■ **WORK TO COMPLETE**: Among the entries below, find every line that contains the string "assms", then copy it.

[Stored data entries]
lemma b_star_prob_relabel:
  assumes "bij_betw f V W" "bij_betw f' V' W'" "S \<subseteq> V \<inter> V'" "\<And>x. x \<in> S \<Longrightarrow> f x = f' x"
  shows "b_star_prob V V' S = b_star_prob W W' (f ` S)"
proof -
  let ?P = "parity_linked_space V V' S" and ?Q = "parity_linked_space W W' (f ` S)"
  let ?\<Phi> = "\<lambda>(G, G'). (relabel f G, relabel f' G')"
  note bij = bij_betw_relabel_parity_linked_space[OF assms]
  have ed_iff: "\<not> even_degenerate W (relabel f G) \<and> \<not> even_degenerate W' (relabel f' G') \<longleftrightarrow>
        \<not> even_degenerate V G \<and> \<not> even_degenerate V' G'" if "(G, G') \<in> ?P" for G G'
    using that even_degenerate_relabel_iff[OF assms(1)] even_degenerate_relabel_iff[OF assms(2)]
    by (auto simp: parity_linked_space_def)
  let ?ned = "\<lambda>U U' (G, G'). \<not> even_degenerate U G \<and> \<not> even_degenerate U' G'"
  have bij_ned: "bij_betw ?\<Phi> {p \<in> ?P. ?ned V V' p} {q \<in> ?Q. ?ned W W' q}"
    by (rule bij_betw_Collect[OF bij]) (use ed_iff in auto)
  have ned_eq: "{(G, G') \<in> ?P. \<not> even_degenerate V G \<and> \<not> even_degenerate V' G'} = {p \<in> ?P. ?ned V V' p}"
    "{(G, G') \<in> ?Q. \<not> even_degenerate W G \<and> \<not> even_degenerate W' G'} = {q \<in> ?Q. ?ned W W' q}"
    by auto
  have "card ?P = card ?Q" by (rule bij_betw_same_card[OF bij])
  moreover have "card {p \<in> ?P. ?ned V V' p} = card {q \<in> ?Q. ?ned W W' q}"
    by (rule bij_betw_same_card[OF bij_ned])
  ultimately show ?thesis unfolding b_star_prob_def ned_eq by (simp only:)
qed

definition non_ed :: "'a set \<Rightarrow> 'a set set set" where
  "non_ed V = {E \<in> graphs_on V. \<not> even_degenerate V E}"

lemma card_non_ed_relabel:
  assumes "bij_betw f V W"
  shows "card (non_ed V) = card (non_ed W)"
proof -
  have "bij_betw (relabel f) (non_ed V) (non_ed W)"
    unfolding non_ed_def using even_degenerate_relabel_iff[OF assms]
    by (intro bij_betw_Collect[OF bij_betw_relabel[OF assms]]) auto
  then show ?thesis by (rule bij_betw_same_card)
qed


subsection \<open>Linked pairs\<close>

definition edges_meeting :: "'a set \<Rightarrow> 'a set \<Rightarrow> 'a set set" where
  "edges_meeting V T = {e \<in> all_edges V. e \<inter> T \<noteq> {}}"

definition linked :: "'a set \<Rightarrow> 'a set \<Rightarrow> ('a set set \<times> 'a set set) set" where
  "linked V T = {(G, K). G \<in> graphs_on V \<and> K \<in> graphs_on V
     \<and> G - edges_meeting V T = K - edges_meeting V T \<and> even (card G + card K)}"

definition linked_class_card :: "'a set \<Rightarrow> 'a set \<Rightarrow> nat" where
  "linked_class_card V T = 2 ^ (card (edges_meeting V T) - 1)"

lemma edges_meeting_subset: "edges_meeting V T \<subseteq> all_edges V"
  unfolding edges_meeting_def by blast

lemma finite_edges_meeting: "finite V \<Longrightarrow> finite (edges_meeting V T)"
  by (rule finite_subset[OF edges_meeting_subset finite_all_edges])

lemma edges_meeting_insert: "edges_meeting V (insert w T) = edges_meeting V T \<union> edges_meeting V {w}"
  by (auto simp: edges_meeting_def)

lemma edges_meeting_Int:
  assumes "T \<subseteq> V" "w \<in> V" "w \<notin> T"
  shows "edges_meeting V T \<inter> edges_meeting V {w} = (\<lambda>t. {t, w}) ` T"
proof
  show "edges_meeting V T \<inter> edges_meeting V {w} \<subseteq> (\<lambda>t. {t, w}) ` T"
  proof
    fix e assume e: "e \<in> edges_meeting V T \<inter> edges_meeting V {w}"
    then obtain t where t: "t \<in> e" "t \<in> T" and w: "w \<in> e" and "card e = 2"
      by (auto simp: edges_meeting_def all_edges_def)
    then obtain x y where "e = {x, y}" by (meson card_2_iff)
    then have "e = {t, w}" using t w assms(3) by auto
    then show "e \<in> (\<lambda>t. {t, w}) ` T" using t by blast
  qed
  show "(\<lambda>t. {t, w}) ` T \<subseteq> edges_meeting V T \<inter> edges_meeting V {w}"
    using assms by (auto simp: edges_meeting_def all_edges_def card_insert_if)
qed

lemma card_edges_meeting_Int:
  assumes "T \<subseteq> V" "w \<in> V" "w \<notin> T"
  shows "card (edges_meeting V T \<inter> edges_meeting V {w}) = card T"
proof -
  have "inj_on (\<lambda>t. {t, w}) T" using assms(3) by (auto simp: inj_on_def doubleton_eq_iff)
  then show ?thesis by (simp add: edges_meeting_Int[OF assms] card_image)
qed

lemma edges_meeting_nonempty:
  assumes "u \<in> V" "w \<in> V" "u \<noteq> w"
  shows "edges_meeting V {w} \<noteq> {}"
  using assms edges_meeting_Int[of "{u}" V w] by auto

lemma edges_meeting_all: "edges_meeting V V = all_edges V"
proof -
  have "e \<inter> V \<noteq> {}" if "e \<subseteq> V" "card e = 2" for e :: "'a set"
    using that by (metis card.empty inf.absorb1 zero_neq_numeral)
  then show ?thesis by (auto simp: edges_meeting_def all_edges_def)
qed

lemma linked_sym: "(G, K) \<in> linked V T \<Longrightarrow> (K, G) \<in> linked V T"
  by (simp add: linked_def add.commute)

lemma finite_linked: "finite V \<Longrightarrow> finite (linked V T)"
  by (rule finite_subset[of _ "graphs_on V \<times> graphs_on V"]) (auto simp: linked_def finite_graphs_on)

lemma card_linked_class:
  assumes "finite V" "G \<in> graphs_on V" "edges_meeting V T \<noteq> {}"
  shows "card {K. (G, K) \<in> linked V T} = linked_class_card V T"
proof -
  let ?s = "edges_meeting V T"
  let ?k = "card G + card (G - ?s)"
  have cardsplit: "card K = card (K - ?s) + card (K \<inter> ?s)" if "K \<subseteq> all_edges V" for K
  proof -
    have "finite K" using that finite_all_edges[OF assms(1)] by (rule finite_subset)
    then show ?thesis using card_Int_Diff[of K ?s] by simp
  qed
  have G: "G \<subseteq> all_edges V" using assms(2) by (simp add: graphs_on_eq_Pow)
  \<comment> \<open>K is determined by its part inside the pairs meeting T, which is free up to parity\<close>
  have "bij_betw (\<lambda>K. K \<inter> ?s) {K. (G, K) \<in> linked V T} {Y. Y \<subseteq> ?s \<and> even (card Y + ?k)}"
  proof (rule bij_betw_byWitness[where f' = "\<lambda>Y. (G - ?s) \<union> Y"])
    show "(\<lambda>K. K \<inter> ?s) ` {K. (G, K) \<in> linked V T} \<subseteq> {Y. Y \<subseteq> ?s \<and> even (card Y + ?k)}"
    proof
      fix Y assume "Y \<in> (\<lambda>K. K \<inter> ?s) ` {K. (G, K) \<in> linked V T}"
      then obtain K where K: "(G, K) \<in> linked V T" "Y = K \<inter> ?s" by blast
      have KE: "K \<subseteq> all_edges V" and "G - ?s = K - ?s" "even (card G + card K)"
        using K by (auto simp: linked_def graphs_on_eq_Pow)
      moreover have "card K = card (G - ?s) + card Y" using cardsplit[OF KE] calculation K(2) by simp
      ultimately have "even (card Y + ?k)" by presburger
      then show "Y \<in> {Y. Y \<subseteq> ?s \<and> even (card Y + ?k)}" using K(2) by blast
    qed
    show "(\<lambda>Y. G - ?s \<union> Y) ` {Y. Y \<subseteq> ?s \<and> even (card Y + ?k)} \<subseteq> {K. (G, K) \<in> linked V T}"
    proof
      fix K assume "K \<in> (\<lambda>Y. G - ?s \<union> Y) ` {Y. Y \<subseteq> ?s \<and> even (card Y + ?k)}"
      then obtain Y where Y: "Y \<subseteq> ?s" "even (card Y + ?k)" "K = G - ?s \<union> Y" by blast
      have KE: "K \<subseteq> all_edges V" using Y G edges_meeting_subset by blast
      have "K - ?s = G - ?s" "K \<inter> ?s = Y" using Y by auto
      then have "card K = card (G - ?s) + card Y" using cardsplit[OF KE] by simp
      then have "even (card G + card K)" using Y(2) by presburger
      then show "K \<in> {K. (G, K) \<in> linked V T}"
        using KE G \<open>K - ?s = G - ?s\<close> by (simp add: linked_def graphs_on_eq_Pow)
    qed
  qed (auto simp: linked_def)
  then have "card {K. (G, K) \<in> linked V T} = card {Y. Y \<subseteq> ?s \<and> even (card Y + ?k)}"
    by (rule bij_betw_same_card)
  also have "\<dots> = linked_class_card V T" unfolding linked_class_card_def
    using assms(3) card_subsets_parity[OF finite_edges_meeting[OF assms(1)]] by blast
  finally show ?thesis .
qed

■ **RESPONSE BOX**:
  note bij = bij_betw_relabel_parity_linked_space[OF assms]
    using that even_degenerate_relabel_iff[OF assms(1)] even_degenerate_relabel_iff[OF assms(2)]
    unfolding non_ed_def using even_degenerate_relabel_iff[OF assms]
    by (intro bij_betw_Collect[OF bij_betw_relabel[OF assms]]) auto
    then have "e = {t, w}" using t w assms(3) by auto
    using assms by (auto simp: edges_meeting_def all_edges_def card_insert_if)
  have "inj_on (\<lambda>t. {t, w}) T" using assms(3) by (auto simp: inj_on_def doubleton_eq_iff)
  then show ?thesis by (simp add: edges_meeting_Int[OF assms] card_image)
  using assms edges_meeting_Int[of "{u}" V w] by auto
    have "finite K" using that finite_all_edges[OF assms(1)] by (rule finite_subset)
  have G: "G \<subseteq> all_edges V" using assms(2) by (simp add: graphs_on_eq_Pow)
    using assms(3) card_subsets_parity[OF finite_edges_meeting[OF assms(1)]] by blast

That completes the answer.